I know, I know, it is a lot of drama for a rash when babies are starving in India and getting HIV in Africa. I am just tired of living with it and having to hide my legs. It is one more thing keeping this cancer experience from being in the past (tsk tsk, when will I learn that it will *never* be a thing of the past?). As I told the doctor, I am seeing a primary care doctor, a dermatologist, a gynecologist, and an endocrinologist and I don’t know which one will be able to put all the pieces together and figure this out for me. Three down, one to go. My concern is that if this condition persists and we simply treat the symptoms, then I remain somewhat vulnerable since I had hormone sensitive cancer.
Anyone know a good medical researcher? At this point I’ll just settle for a good bartender.
Thursday, November 02, 2006
Um, No Mamm.
Fall, a time for enjoying the crisp air, giving thanks, and enjoying a veritable smorgasbord of medical professionals. While the biopsy results await me tomorrow, I did see my new gynecologist. Much to my appreciation, this father-daughter ob-gyn practice is not a happy baby office. I did not see one issue of
Parenting magazine nor did I witness one pregnant woman mindlessly caressing her protruding belly. Don’t get me wrong, I love the miracle of life and appreciate the beauty of pregnant woman. I just don’t love to be tossed in the middle of it all when I am there to examine the reasons why I will never be part of that elite group.
The office was fine; the doctor was okay. I may not necessarily make a lifetime connection with this doctor, but it works for now. I was a little disappointed with the conversation during the breast exam portion.
“So, when was your last mammogram?” the doctor asked.
“In 2004 just prior to the cancer diagnosis,” I replied.
“You haven’t had another one since?” she stated in disbelief.
“No, as you can see, I no longer need them.”
“You don’t?” she said, half asking and half questioning my personal care choices, and in a somewhat accusatory tone.

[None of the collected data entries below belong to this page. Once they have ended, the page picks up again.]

(* Let $d\ge 1$, $T\ge 1$, let $\mathcal{X}\subseteq\mathbb{R}^d$ be a non-empty closed convex set, and let $0<\mu\le L$. Let $f_1,\dots,f_T:\mathcal{X}\to[0,\infty)$ be differentiable with $\frac{\mu}{2}\|y-x\|^2\le f_t(y)-f_t(x)-\langle\nabla f_t(x),y-x\rangle\le\frac{L}{2}\|y-x\|^2$ for all $t$ and $x,y\in\mathcal{X}$. Let $x_1,\dots,x_T$ be the iterates of the OMGD algorithm with $K=\lceil\frac{L+\mu}{2\mu}\ln4\rceil$ from a starting point $x_0\in\mathcal{X}$. Then $$\sum_{t=2}^T\|x_t-x_{t-1}\|\le 3\|x_1-x_1^\star\|+3\mathcal{P}_T^\star.$$
   Context: $x_t^\star=\arg\min_{x\in\mathcal{X}}f_t(x)$ and $\mathcal{P}_T^\star=\sum_{t=2}^T\|x_t^\star-x_{t-1}^\star\|$. OMGD with parameter $K$: $x_1=x_0$; for $t=2,\dots,T$, $z_t^{(0)}=x_{t-1}$, $z_t^{(k)}=\Pi_{\mathcal{X}}\big(z_t^{(k-1)}-\frac1L\nabla f_{t-1}(z_t^{(k-1)})\big)$ ($k=1,\dots,K$), $x_t=z_t^{(K)}$, where $\Pi_{\mathcal{X}}$ is Euclidean projection onto $\mathcal{X}$. *)

theory Defs
  imports "HOL-Analysis.Analysis"
begin

text \<open>Minimiser of f t over X (unique by strong convexity; chosen by SOME).\<close>
definition minimizer :: "'a set \<Rightarrow> ('a \<Rightarrow> real) \<Rightarrow> 'a" where
  "minimizer X h = (SOME x. x \<in> X \<and> (\<forall>y\<in>X. h x \<le> h y))"

definition omgd_step :: "'a::euclidean_space set \<Rightarrow> real \<Rightarrow> (nat \<Rightarrow> 'a \<Rightarrow> 'a) \<Rightarrow> nat \<Rightarrow> 'a \<Rightarrow> 'a" where
  "omgd_step X L g s z = closest_point X (z - (1 / L) *\<^sub>R g s z)"

fun omgd :: "'a::euclidean_space set \<Rightarrow> real \<Rightarrow> (nat \<Rightarrow> 'a \<Rightarrow> 'a) \<Rightarrow> nat \<Rightarrow> 'a \<Rightarrow> nat \<Rightarrow> 'a" where
  "omgd X L g K x0 0 = x0"
| "omgd X L g K x0 (Suc 0) = x0"
| "omgd X L g K x0 (Suc (Suc n)) =
     ((omgd_step X L g (Suc n)) ^^ K) (omgd X L g K x0 (Suc n))"

end
section \<open>Information sets of binary linear codes\<close>

text \<open>A family of subsets of \<open>Q\<close> closed under symmetric difference is a binary linear code;
  \<open>R\<close> is an information set for it, found by eliminating one coordinate at a time.\<close>

lemma information_set_insert:
  assumes closed: "\<And>s t. s \<in> S \<Longrightarrow> t \<in> S \<Longrightarrow> sym_diff s t \<in> S"
    and "{q} \<in> S" and "q \<notin> R"
    and bij: "bij_betw (\<lambda>s. s \<inter> R) ((\<lambda>s. s - {q}) ` S) (Pow R)"
  shows "bij_betw (\<lambda>s. s \<inter> insert q R) S (Pow (insert q R))"
proof -
  have "inj_on (\<lambda>s. s \<inter> insert q R) S"
  proof (rule inj_onI)
    fix s t assume "s \<in> S" "t \<in> S" and eq: "s \<inter> insert q R = t \<inter> insert q R"
    then have "(s - {q}) \<inter> R = (t - {q}) \<inter> R" by blast
    then have "s - {q} = t - {q}"
      using inj_onD[OF bij_betw_imp_inj_on[OF bij]] \<open>s \<in> S\<close> \<open>t \<in> S\<close> by blast
    then show "s = t" using eq by blast
  qed
  moreover have "A \<in> (\<lambda>s. s \<inter> insert q R) ` S" if A: "A \<subseteq> insert q R" for A
  proof -
    have "A - {q} \<in> (\<lambda>s. s \<inter> R) ` (\<lambda>s. s - {q}) ` S" using bij A by (auto simp: bij_betw_def)
    then obtain s where s: "s \<in> S" "(s - {q}) \<inter> R = A - {q}" by auto
    show ?thesis
    proof (cases "q \<in> s \<longleftrightarrow> q \<in> A")
      case True
      then have "s \<inter> insert q R = A" using s A \<open>q \<notin> R\<close> by blast
      then show ?thesis using s(1) by blast
    next
      case False
      then have "sym_diff s {q} \<inter> insert q R = A" using s A \<open>q \<notin> R\<close> by auto
      then show ?thesis using closed[OF s(1) \<open>{q} \<in> S\<close>] by blast
    qed
  qed
  ultimately show ?thesis by (auto simp: bij_betw_def)
qed
fun funs :: "('f, 'v) term \<Rightarrow> 'f set" where
  "funs (Var x) = {}"
| "funs (Fun f ts) = insert f (\<Union>t \<in> set ts. funs t)"

fun root :: "('f, 'v) term \<Rightarrow> 'f option" where
  "root (Var x) = None"
| "root (Fun f ts) = Some f"

fun wf_term :: "('f \<Rightarrow> nat) \<Rightarrow> ('f, 'v) term \<Rightarrow> bool" where
  "wf_term ar (Var x) = True"
| "wf_term ar (Fun f ts) = (length ts = ar f \<and> (\<forall>t \<in> set ts. wf_term ar t))"

fun subst :: "('v \<Rightarrow> ('f, 'v) term) \<Rightarrow> ('f, 'v) term \<Rightarrow> ('f, 'v) term" where
  "subst \<sigma> (Var x) = \<sigma> x"
| "subst \<sigma> (Fun f ts) = Fun f (map (subst \<sigma>) ts)"

datatype ('f, 'v) ctxt = Hole | More 'f "('f, 'v) term list" "('f, 'v) ctxt" "('f, 'v) term list"

fun plug :: "('f, 'v) ctxt \<Rightarrow> ('f, 'v) term \<Rightarrow> ('f, 'v) term" where
  "plug Hole t = t"
| "plug (More f ss C ts) t = Fun f (ss @ plug C t # ts)"

text \<open>A context whose hole is at an active position w.r.t. a replacement map mu
  (argument positions are numbered from 1).\<close>
fun active_ctxt :: "('f \<Rightarrow> nat set) \<Rightarrow> ('f, 'v) ctxt \<Rightarrow> bool" where
  "active_ctxt \<mu> Hole = True"
| "active_ctxt \<mu> (More f ss C ts) = (Suc (length ss) \<in> \<mu> f \<and> active_ctxt \<mu> C)"

section \<open>Conditional constructor TRSs\<close>

text \<open>A conditional rule f(l1..ln) -> r <= a1 ~ b1, ..., ak ~ bk is represented as
  (lhs, rhs, [(a1,b1),...,(ak,bk)]).\<close>
type_synonym ('f, 'v) crule = "('f, 'v) term \<times> ('f, 'v) term \<times> (('f, 'v) term \<times> ('f, 'v) term) list"

definition defined :: "('f, 'v) crule set \<Rightarrow> 'f \<Rightarrow> bool" where
  "defined R f \<longleftrightarrow> (\<exists>\<rho> \<in> R. root (fst \<rho>) = Some f)"

definition rules_of :: "('f, 'v) crule set \<Rightarrow> 'f \<Rightarrow> ('f, 'v) crule set" where
  "rules_of R f = {\<rho> \<in> R. root (fst \<rho>) = Some f}"

definition constr_term :: "('f, 'v) crule set \<Rightarrow> ('f, 'v) term \<Rightarrow> bool" where
  "constr_term R t \<longleftrightarrow> (\<forall>g \<in> funs t. \<not> defined R g)"

definition pairwise_var_disjoint :: "('f, 'v) term list \<Rightarrow> bool" where
  "pairwise_var_disjoint ts \<longleftrightarrow>
     (\<forall>i j. i < length ts \<and> j < length ts \<and> i \<noteq> j \<longrightarrow> vars (ts ! i) \<inter> vars (ts ! j) = {})"

definition cctrs :: "('f \<Rightarrow> nat) \<Rightarrow> ('f, 'v) crule set \<Rightarrow> bool" where
  "cctrs ar R \<longleftrightarrow> (\<forall>\<rho> \<in> R. \<exists>f ls r cs. \<rho> = (Fun f ls, r, cs) \<and>
      wf_term ar (Fun f ls) \<and> wf_term ar r \<and>
      (\<forall>(a, b) \<in> set cs. wf_term ar a \<and> wf_term ar b) \<and>
      (\<forall>l \<in> set ls. constr_term R l) \<and>
      (\<forall>(a, b) \<in> set cs. constr_term R b) \<and>
      pairwise_var_disjoint (Fun f ls # map snd cs) \<and>
      vars r \<subseteq> vars (Fun f ls) \<union> (\<Union>b \<in> set (map snd cs). vars b) \<and>
      (\<forall>i < length cs. vars (fst (cs ! i)) \<subseteq>
          vars (Fun f ls) \<union> (\<Union>b \<in> set (take i (map snd cs)). vars b)))"

definition strong_cctrs :: "('f \<Rightarrow> nat) \<Rightarrow> ('f, 'v) crule set \<Rightarrow> bool" where
  "strong_cctrs ar R \<longleftrightarrow> cctrs ar R \<and> (\<forall>f. finite (rules_of R f)) \<and>
     (\<forall>\<rho> \<in> R. linear (fst \<rho>) \<and> (\<forall>(a, b) \<in> set (snd (snd \<rho>)). linear b))"

text \<open>The rewrite relation of a CCTRS (least fixed point = union of the approximations).\<close>
inductive rstep :: "('f, 'v) crule set \<Rightarrow> ('f, 'v) term \<Rightarrow> ('f, 'v) term \<Rightarrow> bool"
  for R where
  "(l, r, cs) \<in> R \<Longrightarrow>
   (\<forall>j < length cs. (rstep R)\<^sup>*\<^sup>* (subst \<sigma> (fst (cs ! j))) (subst \<sigma> (snd (cs ! j)))) \<Longrightarrow>
   rstep R (plug C (subst \<sigma> l)) (plug C (subst \<sigma> r))"

definition sqsup :: "('f, 'v) crule set \<Rightarrow> ('f, 'v) term \<Rightarrow> ('f, 'v) term \<Rightarrow> bool" where
  "sqsup R s t \<longleftrightarrow> (\<exists>C l r cs \<sigma> i. (l, r, cs) \<in> R \<and> i < length cs \<and>
      s = plug C (subst \<sigma> l) \<and>
      (\<forall>j < i. (rstep R)\<^sup>*\<^sup>* (subst \<sigma> (fst (cs ! j))) (subst \<sigma> (snd (cs ! j)))) \<and>
      t = subst \<sigma> (fst (cs ! i)))"

definition quasi_decreasing_term :: "('f, 'v) crule set \<Rightarrow> ('f, 'v) term \<Rightarrow> bool" where
  "quasi_decreasing_term R s \<longleftrightarrow>
     \<not> (\<exists>u. u 0 = s \<and> (\<forall>i. rstep R (u i) (u (Suc i)) \<or> sqsup R (u i) (u (Suc i))))"

definition quasi_decreasing :: "('f \<Rightarrow> nat) \<Rightarrow> ('f, 'v) crule set \<Rightarrow> bool" where
  "quasi_decreasing ar R \<longleftrightarrow> (\<forall>s. wf_term ar s \<longrightarrow> quasi_decreasing_term R s)"

definition enumeration :: "('f, 'v) crule set \<Rightarrow> ('f \<Rightarrow> ('f, 'v) crule list) \<Rightarrow> bool" where
  "enumeration R enum \<longleftrightarrow> (\<forall>f. distinct (enum f) \<and> set (enum f) = rules_of R f)"

section \<open>The labeled signature G\<close>

text \<open>GCon c: a constructor of F; GLab f S: the labeled symbol f_S.\<close>
datatype ('f, 'v) gsym = GCon 'f | GLab 'f "('f, 'v) crule set"

fun wf_gterm :: "('f \<Rightarrow> nat) \<Rightarrow> ('f, 'v) crule set \<Rightarrow> (('f, 'v) gsym, 'v) term \<Rightarrow> bool" where
  "wf_gterm ar R (Var x) = True"
| "wf_gterm ar R (Fun (GCon c) ts) = (\<not> defined R c \<and> length ts = ar c \<and> (\<forall>t \<in> set ts. wf_gterm ar R t))"
| "wf_gterm ar R (Fun (GLab f S) ts) = (defined R f \<and> S \<subseteq> rules_of R f \<and>
      length ts = ar f \<and> (\<forall>t \<in> set ts. wf_gterm ar R t))"

section \<open>The transformed signature H and the system Xi(R)\<close>

text \<open>Bot, Top; Orig f: f with arity n + m_f; Aux f i j: the symbol f_i^j (i, j counted from 1).\<close>
datatype 'f hsym = Bot | Top | Orig 'f | Aux 'f nat nat

definition mcount :: "('f \<Rightarrow> ('f, 'v) crule list) \<Rightarrow> 'f \<Rightarrow> nat" where
  "mcount enum f = length (enum f)"

definition ar_H :: "('f \<Rightarrow> nat) \<Rightarrow> ('f \<Rightarrow> ('f, 'v) crule list) \<Rightarrow> 'f hsym \<Rightarrow> nat" where
  "ar_H ar enum g = (case g of Bot \<Rightarrow> 0 | Top \<Rightarrow> 0
      | Orig f \<Rightarrow> ar f + mcount enum f
      | Aux f i j \<Rightarrow> ar f + mcount enum f + j - 1)"

definition mu_H :: "('f \<Rightarrow> nat) \<Rightarrow> 'f hsym \<Rightarrow> nat set" where
  "mu_H ar g = (case g of Bot \<Rightarrow> {} | Top \<Rightarrow> {}
      | Orig f \<Rightarrow> {1 .. ar f}
      | Aux f i j \<Rightarrow> {ar f + i + j - 1})"

abbreviation hconst :: "'f hsym \<Rightarrow> ('f hsym, 'v) term" where
  "hconst c \<equiv> Fun c []"

text \<open>xi_star; constructors have m_f = 0, so no extra arguments are added for them.\<close>
fun xi :: "('f \<Rightarrow> ('f, 'v) crule list) \<Rightarrow> 'f hsym \<Rightarrow> ('f, 'v) term \<Rightarrow> ('f hsym, 'v) term" where
  "xi enum st (Var x) = Var x"
| "xi enum st (Fun f ts) = Fun (Orig f) (map (xi enum st) ts @ replicate (mcount enum f) (hconst st))"

fun emb :: "('f, 'v) term \<Rightarrow> ('f hsym, 'v) term" where
  "emb (Var x) = Var x"
| "emb (Fun f ts) = Fun (Orig f) (map emb ts)"

text \<open>AP(t) up to the choice of variables; linearity and freshness are imposed where used.\<close>
inductive ap :: "('f \<Rightarrow> nat) \<Rightarrow> ('f, 'v) crule set \<Rightarrow> ('f \<Rightarrow> ('f, 'v) crule list) \<Rightarrow>
    ('f, 'v) term \<Rightarrow> ('f hsym, 'v) term \<Rightarrow> bool"
  for ar R enum where
  ap_constr: "g \<noteq> f \<Longrightarrow> \<not> defined R g \<Longrightarrow> length xs = ar g \<Longrightarrow>
     ap ar R enum (Fun f ts) (Fun (Orig g) (map Var xs))"
| ap_defined: "defined R g \<Longrightarrow> length xs = ar g \<Longrightarrow>
     ap ar R enum (Fun f ts) (Fun (Orig g) (map Var xs @ replicate (mcount enum g) (hconst Bot)))"
| ap_arg: "i < length ts \<Longrightarrow> ap ar R enum (ts ! i) u \<Longrightarrow> length xs1 = i \<Longrightarrow>
     length xs1 + 1 + length xs2 = length ts \<Longrightarrow>
     ap ar R enum (Fun f ts) (Fun (Orig f) (map Var xs1 @ u # map Var xs2))"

There was no mistaking the scars and the implants. How could a gynecologist not know that you don’t need a mammogram after a bilateral mastectomy? Given the number of women who have breast cancer and the number of women who have prophylactic mastectomies for genetic concerns, I would assume that a practicing gynecologist might know this. I simply looked at her while she quickly examined me and said,
“Uh, no. You see, I have no mamms to gram.”
A hush fell over the room. Within moments I was off the table and picking up a referral for a pelvic ultrasound and follow-up appointment. The fun times just keeps on rolling.